There was a little Oregon junco, a fledgling, just a baby, really, watching me as stitches grew from my hands: nesting season isn’t over for you?
It dawned on me that I was wearing much of the coloring of the little one’s parents. I was charmed. I blinked; it blinked back. I watched a little while and tried again. It turned its head slightly to get a better view, and again blinked back.
And so we enjoyed each other’s company eye to eye a minute or two. I have done this before with the bigger birds out there, but the flighty little ones? This was a new thing.
Then it roused itself, went back to eating, and flew, done. And I finally got past the very beginning of the shawl I had promised myself I would make my suddenly-widowed middle-aged friend.
It feels so good to get on with it.
Love your dear ones.
The sun dance kid
Wednesday June 19th 2013, 10:50 pm
Filed under:
Food,
Wildlife
I have a Bewick’s wren again, and guessing by its long gangly look and its uncertainty as to where the best hiding places are as it scouts out the patio, a fledgling.
My mated pair, nesting at ground level, disappeared around March. I’m been afraid they most likely were taken out by the neighbor’s cat. The species’ survival is on very shaky grounds and I’ve always felt protective of mine; the one that flew around my head singing for joy as I put out food once, loud enough for me to hear even with the old hearing aids, claimed my heart forever.

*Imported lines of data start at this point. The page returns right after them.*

text \<open>
  On the torus, g2 becomes a real trigonometric polynomial F(t1,t2), and the integrand of LC is
  the indicator of |F| \<ge> 1. Cutting [0,2\<pi>] into m pieces and using the 2\<pi>-periodicity in the
  second variable, the integral along the line (t, mt) equals the integral over s of the Riemann
  sum (1/m) \<Sum>j<m. \<phi>((s + 2\<pi>j)/m, s) of the section \<phi>(\<cdot>, s). For fixed s the section is a step
  function: F(\<cdot>, s)^2 - 1 extends to an entire function, so either it vanishes identically or it has
  finitely many zeros in [0,2\<pi>], and only these can be jumps. Hence each Riemann sum converges at
  rate O(1/m), and dominated convergence together with Fubini yields the double integral.
\<close>

lemma bounded_measurable_set_integrable_Icc:
  fixes g :: "real \<Rightarrow> real"
  assumes "g \<in> borel_measurable borel" and "\<And>x. \<bar>g x\<bar> \<le> B"
  shows "set_integrable lborel {a..b} g"
  unfolding set_integrable_def
  by (rule integrableI_bounded_set[where A="{a..b}" and B=B])
     (use assms in \<open>auto simp: emeasure_lborel_Icc_eq\<close>)

lemma bounded_measurable_integrable_on_Icc:
  fixes g :: "real \<Rightarrow> real"
  assumes "g \<in> borel_measurable borel" and "\<And>x. \<bar>g x\<bar> \<le> B"
  shows "g integrable_on {a..b}"
  using set_borel_integral_eq_integral(1)[OF bounded_measurable_set_integrable_Icc[OF assms]] .

lemma integral_Icc_eq_lebesgue_integral:
  fixes g :: "real \<Rightarrow> real"
  assumes "g \<in> borel_measurable borel" and "\<And>x. \<bar>g x\<bar> \<le> B"
  shows "integral {a..b} g = (\<integral>x. indicator {a..b} x * g x \<partial>lborel)"
  using set_borel_integral_eq_integral(2)[OF bounded_measurable_set_integrable_Icc[OF assms]]
  by (simp add: set_lebesgue_integral_def)

lemma borel_measurable_section:
  fixes f :: "real \<Rightarrow> real \<Rightarrow> real"
  assumes "(\<lambda>p. f (fst p) (snd p)) \<in> borel_measurable borel"
  shows "f x \<in> borel_measurable borel"
  using measurable_compose[OF _ assms, of "\<lambda>y. (x, y)"]
  by (simp add: borel_measurable_continuous_onI continuous_intros)

lemma iterated_integral_Icc_eq_lebesgue:
  fixes f :: "real \<Rightarrow> real \<Rightarrow> real"
  assumes f: "(\<lambda>p. f (fst p) (snd p)) \<in> borel_measurable borel" and B: "\<And>x y. \<bar>f x y\<bar> \<le> B"
  shows "integral {a..b} (\<lambda>x. integral {a..b} (\<lambda>y. f x y)) =
         (\<integral>x. \<integral>y. indicator ({a..b} \<times> {a..b}) (x, y) * f x y \<partial>lborel \<partial>lborel)"
proof -
  let ?S = "{a..b}"
  have [measurable]: "(\<lambda>p. f (fst p) (snd p)) \<in> borel_measurable (lborel \<Otimes>\<^sub>M lborel)"
    using f unfolding lborel_prod by simp
  have inner: "integral ?S (f x) = (\<integral>y. indicator ?S y * f x y \<partial>lborel)" for x
    by (rule integral_Icc_eq_lebesgue_integral[OF borel_measurable_section[OF f] B])
  have "(\<lambda>x. \<integral>y. indicator ?S y * f x y \<partial>lborel) \<in> borel_measurable lborel"
    by measurable
  then have "(\<lambda>x. integral ?S (f x)) \<in> borel_measurable borel"
    by (simp add: inner)
  moreover have "\<bar>integral ?S (f x)\<bar> \<le> B * measure lborel ?S" for x
  proof -
    have "(f x has_integral integral ?S (f x)) (cbox a b)"
      using bounded_measurable_integrable_on_Icc[OF borel_measurable_section[OF f] B]
      by (simp add: has_integral_integral)
    from has_integral_bound[OF order_trans[OF abs_ge_zero B] this] show ?thesis
      using B by simp
  qed
  ultimately have "integral ?S (\<lambda>x. integral ?S (f x)) =
                   (\<integral>x. indicator ?S x * integral ?S (f x) \<partial>lborel)"
    by (rule integral_Icc_eq_lebesgue_integral)
  then show ?thesis
    by (simp add: inner indicator_times mult.assoc)
qed

lemma integral_Icc_swap_bounded_measurable:
  fixes f :: "real \<Rightarrow> real \<Rightarrow> real"
  assumes f: "(\<lambda>p. f (fst p) (snd p)) \<in> borel_measurable borel" and B: "\<And>x y. \<bar>f x y\<bar> \<le> B"
  shows "integral {a..b} (\<lambda>x. integral {a..b} (\<lambda>y. f x y)) =
         integral {a..b} (\<lambda>y. integral {a..b} (\<lambda>x. f x y))"
proof -
  let ?S = "{a..b}"
  let ?h = "\<lambda>x y. indicator (?S \<times> ?S) (x, y) * f x y"
  have [measurable]: "(\<lambda>p. f (fst p) (snd p)) \<in> borel_measurable (lborel \<Otimes>\<^sub>M lborel)"
    using f unfolding lborel_prod by simp
  have "integrable (lborel \<Otimes>\<^sub>M lborel) (\<lambda>(x, y). ?h x y)"
  proof (rule integrableI_bounded_set[where A="?S \<times> ?S" and B=B])
    show "emeasure (lborel \<Otimes>\<^sub>M lborel) (?S \<times> ?S) < \<infinity>"
      by (simp add: lborel.emeasure_pair_measure_Times ennreal_mult_less_top emeasure_lborel_Icc_eq)
  qed (auto simp: B abs_mult indicator_def)
  then have fubini: "(\<integral>y. \<integral>x. ?h x y \<partial>lborel \<partial>lborel) = (\<integral>x. \<integral>y. ?h x y \<partial>lborel \<partial>lborel)"
    by (rule lborel_pair.Fubini_integral)
  have "(\<lambda>p. f (snd p) (fst p)) \<in> borel_measurable borel"
    using measurable_compose[OF _ f, of "\<lambda>p. (snd p, fst p)"]
    by (simp add: borel_measurable_continuous_onI continuous_intros)
  from iterated_integral_Icc_eq_lebesgue[of "\<lambda>y x. f x y", OF this B]
  have "integral ?S (\<lambda>y. integral ?S (\<lambda>x. f x y)) = (\<integral>y. \<integral>x. ?h x y \<partial>lborel \<partial>lborel)"
    by (simp add: indicator_times mult.commute)
  with iterated_integral_Icc_eq_lebesgue[OF f B, of a b] fubini show ?thesis
    by simp
qed

lemma integral_Icc_sum_subintervals:
  fixes f :: "real \<Rightarrow> 'a::banach"
  assumes "0 \<le> h" and "f integrable_on {a..a + real m * h}"
  shows "integral {a..a + real m * h} f = (\<Sum>j<m. integral {a + real j * h..a + real (Suc j) * h} f)"
  using assms(2)
proof (induction m)
  case (Suc m)
  have le: "a \<le> a + real m * h" "a + real m * h \<le> a + real (Suc m) * h"
    using \<open>0 \<le> h\<close> by (simp_all add: algebra_simps)
  then have "f integrable_on {a..a + real m * h}"
    using integrable_on_subinterval[OF Suc.prems] by simp
  then show ?case
    using Henstock_Kurzweil_Integration.integral_combine[OF le Suc.prems] Suc.IH by simp
qed simp

lemma integral_Icc_affine:
  fixes f :: "real \<Rightarrow> real"
  assumes "0 < c" and "f integrable_on {a..b}"
  shows "integral {(a - d) / c..(b - d) / c} (\<lambda>x. f (c * x + d)) = integral {a..b} f / c"
proof -
  have "(f has_integral integral {a..b} f) (cbox a b)"
    using assms(2) by (simp add: has_integral_integral)
  from has_integral_affinity'[OF this assms(1), of d]
  show ?thesis
    by (simp add: integral_unique divide_inverse mult.commute)
qed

I keenly missed my Bewick’s.
I put a lot of chili-oil suet out at ground level a few days ago and the new little one showed up. Encouraged, I’ve been putting out more than the usual to try to entice it to claim the place. Encouraged back, s/he’s been coming back several times a day the last few days. If I hear it singing, it will mean it’s a male.
Suet do you think of that? Me, I think we’ve got us a territory.
Went out this evening to check on the plum tree at the side yard and the mockingbird flew immediately over and landed right overhead, quite close. This is the first time it had been willing to be seen. I looked up, it looked down, not a challenge but a pleased-to-meet-you and curiosity satisfied, then with a flick of the tail it danced upwards through the apple tree.
Juicy, ripe peach-and-raspberry crisp warm out of the oven. A few more years’ growth and I’ll be picking the peaches myself. And sharing some, no doubt, with the birds.